▶ [About this task] What is needed is an exact copy of the line with "proof (intro exI[of" and all lines that follow it in the entries below, the last line included.

▶ [Data supplied]
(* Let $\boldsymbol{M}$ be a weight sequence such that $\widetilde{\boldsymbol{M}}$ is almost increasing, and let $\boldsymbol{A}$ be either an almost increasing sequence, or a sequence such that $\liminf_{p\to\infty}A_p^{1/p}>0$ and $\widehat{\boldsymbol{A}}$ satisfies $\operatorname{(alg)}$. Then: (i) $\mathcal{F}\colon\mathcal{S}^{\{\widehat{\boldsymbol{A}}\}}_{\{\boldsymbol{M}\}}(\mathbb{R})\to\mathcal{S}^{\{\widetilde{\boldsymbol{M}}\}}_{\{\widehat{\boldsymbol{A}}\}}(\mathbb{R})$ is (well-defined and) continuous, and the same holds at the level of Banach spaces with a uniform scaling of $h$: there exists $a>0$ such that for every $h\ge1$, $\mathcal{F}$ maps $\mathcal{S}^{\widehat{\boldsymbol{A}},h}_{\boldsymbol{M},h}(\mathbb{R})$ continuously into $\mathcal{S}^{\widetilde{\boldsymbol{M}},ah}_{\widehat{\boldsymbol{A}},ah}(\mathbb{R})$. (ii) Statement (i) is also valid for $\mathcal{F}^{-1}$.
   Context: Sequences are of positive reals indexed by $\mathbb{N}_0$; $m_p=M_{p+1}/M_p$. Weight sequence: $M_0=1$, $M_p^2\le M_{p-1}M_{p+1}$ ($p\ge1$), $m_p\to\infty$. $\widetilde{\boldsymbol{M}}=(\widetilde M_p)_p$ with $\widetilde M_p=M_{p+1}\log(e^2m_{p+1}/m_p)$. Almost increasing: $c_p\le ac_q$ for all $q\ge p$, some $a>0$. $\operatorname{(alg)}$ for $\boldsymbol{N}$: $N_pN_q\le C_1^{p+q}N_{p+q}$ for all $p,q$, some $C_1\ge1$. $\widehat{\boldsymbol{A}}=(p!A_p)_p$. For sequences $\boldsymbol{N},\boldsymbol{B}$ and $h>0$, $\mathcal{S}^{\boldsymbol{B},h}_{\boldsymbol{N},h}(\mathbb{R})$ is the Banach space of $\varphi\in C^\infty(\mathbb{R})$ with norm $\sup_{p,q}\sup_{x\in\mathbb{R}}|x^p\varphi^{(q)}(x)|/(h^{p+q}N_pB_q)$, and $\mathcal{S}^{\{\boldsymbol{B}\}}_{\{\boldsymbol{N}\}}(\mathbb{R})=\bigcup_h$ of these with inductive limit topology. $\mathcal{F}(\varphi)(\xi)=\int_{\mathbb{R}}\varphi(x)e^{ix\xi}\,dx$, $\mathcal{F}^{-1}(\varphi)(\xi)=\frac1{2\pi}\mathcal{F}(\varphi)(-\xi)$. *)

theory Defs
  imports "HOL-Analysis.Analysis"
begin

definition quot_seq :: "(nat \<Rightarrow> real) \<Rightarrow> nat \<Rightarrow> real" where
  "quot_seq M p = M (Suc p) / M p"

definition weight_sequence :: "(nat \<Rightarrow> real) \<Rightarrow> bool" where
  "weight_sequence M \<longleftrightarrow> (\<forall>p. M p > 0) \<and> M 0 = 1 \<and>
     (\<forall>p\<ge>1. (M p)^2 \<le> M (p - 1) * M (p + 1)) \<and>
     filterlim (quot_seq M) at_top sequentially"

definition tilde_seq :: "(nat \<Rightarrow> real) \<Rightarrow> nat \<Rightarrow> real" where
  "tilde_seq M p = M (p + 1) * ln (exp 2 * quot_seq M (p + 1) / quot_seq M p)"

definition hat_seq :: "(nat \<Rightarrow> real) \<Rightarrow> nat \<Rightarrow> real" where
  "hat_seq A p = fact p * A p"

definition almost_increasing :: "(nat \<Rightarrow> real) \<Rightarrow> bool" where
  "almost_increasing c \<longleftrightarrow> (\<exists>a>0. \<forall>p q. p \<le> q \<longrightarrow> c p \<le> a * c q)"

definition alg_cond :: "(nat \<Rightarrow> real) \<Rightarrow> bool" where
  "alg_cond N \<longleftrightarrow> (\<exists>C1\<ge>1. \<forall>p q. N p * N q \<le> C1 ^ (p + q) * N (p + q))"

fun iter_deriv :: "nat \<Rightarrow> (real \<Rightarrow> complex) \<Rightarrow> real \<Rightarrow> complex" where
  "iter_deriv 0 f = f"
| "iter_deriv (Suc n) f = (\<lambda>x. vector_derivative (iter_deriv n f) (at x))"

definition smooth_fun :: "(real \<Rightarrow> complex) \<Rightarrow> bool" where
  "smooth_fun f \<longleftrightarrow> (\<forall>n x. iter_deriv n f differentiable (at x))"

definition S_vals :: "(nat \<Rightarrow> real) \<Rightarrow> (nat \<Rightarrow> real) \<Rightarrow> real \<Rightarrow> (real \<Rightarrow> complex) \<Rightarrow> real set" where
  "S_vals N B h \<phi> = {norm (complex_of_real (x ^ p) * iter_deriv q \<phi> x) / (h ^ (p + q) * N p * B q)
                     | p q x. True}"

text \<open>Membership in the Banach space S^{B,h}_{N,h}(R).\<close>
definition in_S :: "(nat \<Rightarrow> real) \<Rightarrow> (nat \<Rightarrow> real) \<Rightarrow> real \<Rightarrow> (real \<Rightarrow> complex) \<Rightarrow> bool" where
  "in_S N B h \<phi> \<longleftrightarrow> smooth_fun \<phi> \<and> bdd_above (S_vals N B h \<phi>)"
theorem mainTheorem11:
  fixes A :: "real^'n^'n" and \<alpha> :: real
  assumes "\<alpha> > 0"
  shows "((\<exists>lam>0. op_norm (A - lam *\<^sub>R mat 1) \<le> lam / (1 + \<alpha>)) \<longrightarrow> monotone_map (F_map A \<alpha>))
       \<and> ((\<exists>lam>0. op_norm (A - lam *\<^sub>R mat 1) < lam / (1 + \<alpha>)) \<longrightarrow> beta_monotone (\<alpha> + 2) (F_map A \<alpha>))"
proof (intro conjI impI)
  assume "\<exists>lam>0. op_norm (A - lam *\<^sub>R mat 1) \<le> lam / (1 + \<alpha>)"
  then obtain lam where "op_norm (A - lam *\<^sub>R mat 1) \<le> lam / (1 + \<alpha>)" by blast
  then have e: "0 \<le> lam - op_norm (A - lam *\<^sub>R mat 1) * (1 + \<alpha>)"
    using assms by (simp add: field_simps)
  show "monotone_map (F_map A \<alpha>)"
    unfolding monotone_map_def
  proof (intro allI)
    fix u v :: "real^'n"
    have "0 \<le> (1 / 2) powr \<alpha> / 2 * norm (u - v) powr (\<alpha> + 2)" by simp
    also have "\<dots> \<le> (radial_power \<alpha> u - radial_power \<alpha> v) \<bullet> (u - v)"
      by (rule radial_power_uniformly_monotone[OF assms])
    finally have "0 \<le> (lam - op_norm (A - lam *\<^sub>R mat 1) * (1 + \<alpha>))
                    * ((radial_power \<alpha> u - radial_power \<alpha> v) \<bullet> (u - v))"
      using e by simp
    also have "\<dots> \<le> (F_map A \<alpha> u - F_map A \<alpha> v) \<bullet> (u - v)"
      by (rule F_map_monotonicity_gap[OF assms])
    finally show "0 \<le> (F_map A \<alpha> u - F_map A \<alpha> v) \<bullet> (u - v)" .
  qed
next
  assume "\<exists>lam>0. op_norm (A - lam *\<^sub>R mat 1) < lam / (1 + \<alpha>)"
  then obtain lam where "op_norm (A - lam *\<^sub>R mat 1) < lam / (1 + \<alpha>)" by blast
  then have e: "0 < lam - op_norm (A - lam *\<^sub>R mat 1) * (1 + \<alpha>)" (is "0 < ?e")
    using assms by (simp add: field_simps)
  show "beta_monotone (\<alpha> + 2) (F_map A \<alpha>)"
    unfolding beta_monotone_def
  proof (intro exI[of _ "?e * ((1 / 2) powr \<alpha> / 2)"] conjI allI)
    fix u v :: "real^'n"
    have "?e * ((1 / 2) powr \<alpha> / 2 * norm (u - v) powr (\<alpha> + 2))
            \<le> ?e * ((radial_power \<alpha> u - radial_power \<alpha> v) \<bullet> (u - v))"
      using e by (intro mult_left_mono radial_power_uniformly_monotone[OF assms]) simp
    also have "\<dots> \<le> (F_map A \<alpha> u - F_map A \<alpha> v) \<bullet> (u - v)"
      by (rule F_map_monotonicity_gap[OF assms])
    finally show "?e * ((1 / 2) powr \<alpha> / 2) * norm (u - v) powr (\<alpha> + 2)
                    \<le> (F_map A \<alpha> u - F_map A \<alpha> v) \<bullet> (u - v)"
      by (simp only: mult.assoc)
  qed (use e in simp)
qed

▶ [Your response]
  proof (intro exI[of _ "?e * ((1 / 2) powr \<alpha> / 2)"] conjI allI)
    fix u v :: "real^'n"
    have "?e * ((1 / 2) powr \<alpha> / 2 * norm (u - v) powr (\<alpha> + 2))
            \<le> ?e * ((radial_power \<alpha> u - radial_power \<alpha> v) \<bullet> (u - v))"
      using e by (intro mult_left_mono radial_power_uniformly_monotone[OF assms]) simp
    also have "\<dots> \<le> (F_map A \<alpha> u - F_map A \<alpha> v) \<bullet> (u - v)"
      by (rule F_map_monotonicity_gap[OF assms])
    finally show "?e * ((1 / 2) powr \<alpha> / 2) * norm (u - v) powr (\<alpha> + 2)
                    \<le> (F_map A \<alpha> u - F_map A \<alpha> v) \<bullet> (u - v)"
      by (simp only: mult.assoc)
  qed (use e in simp)
qed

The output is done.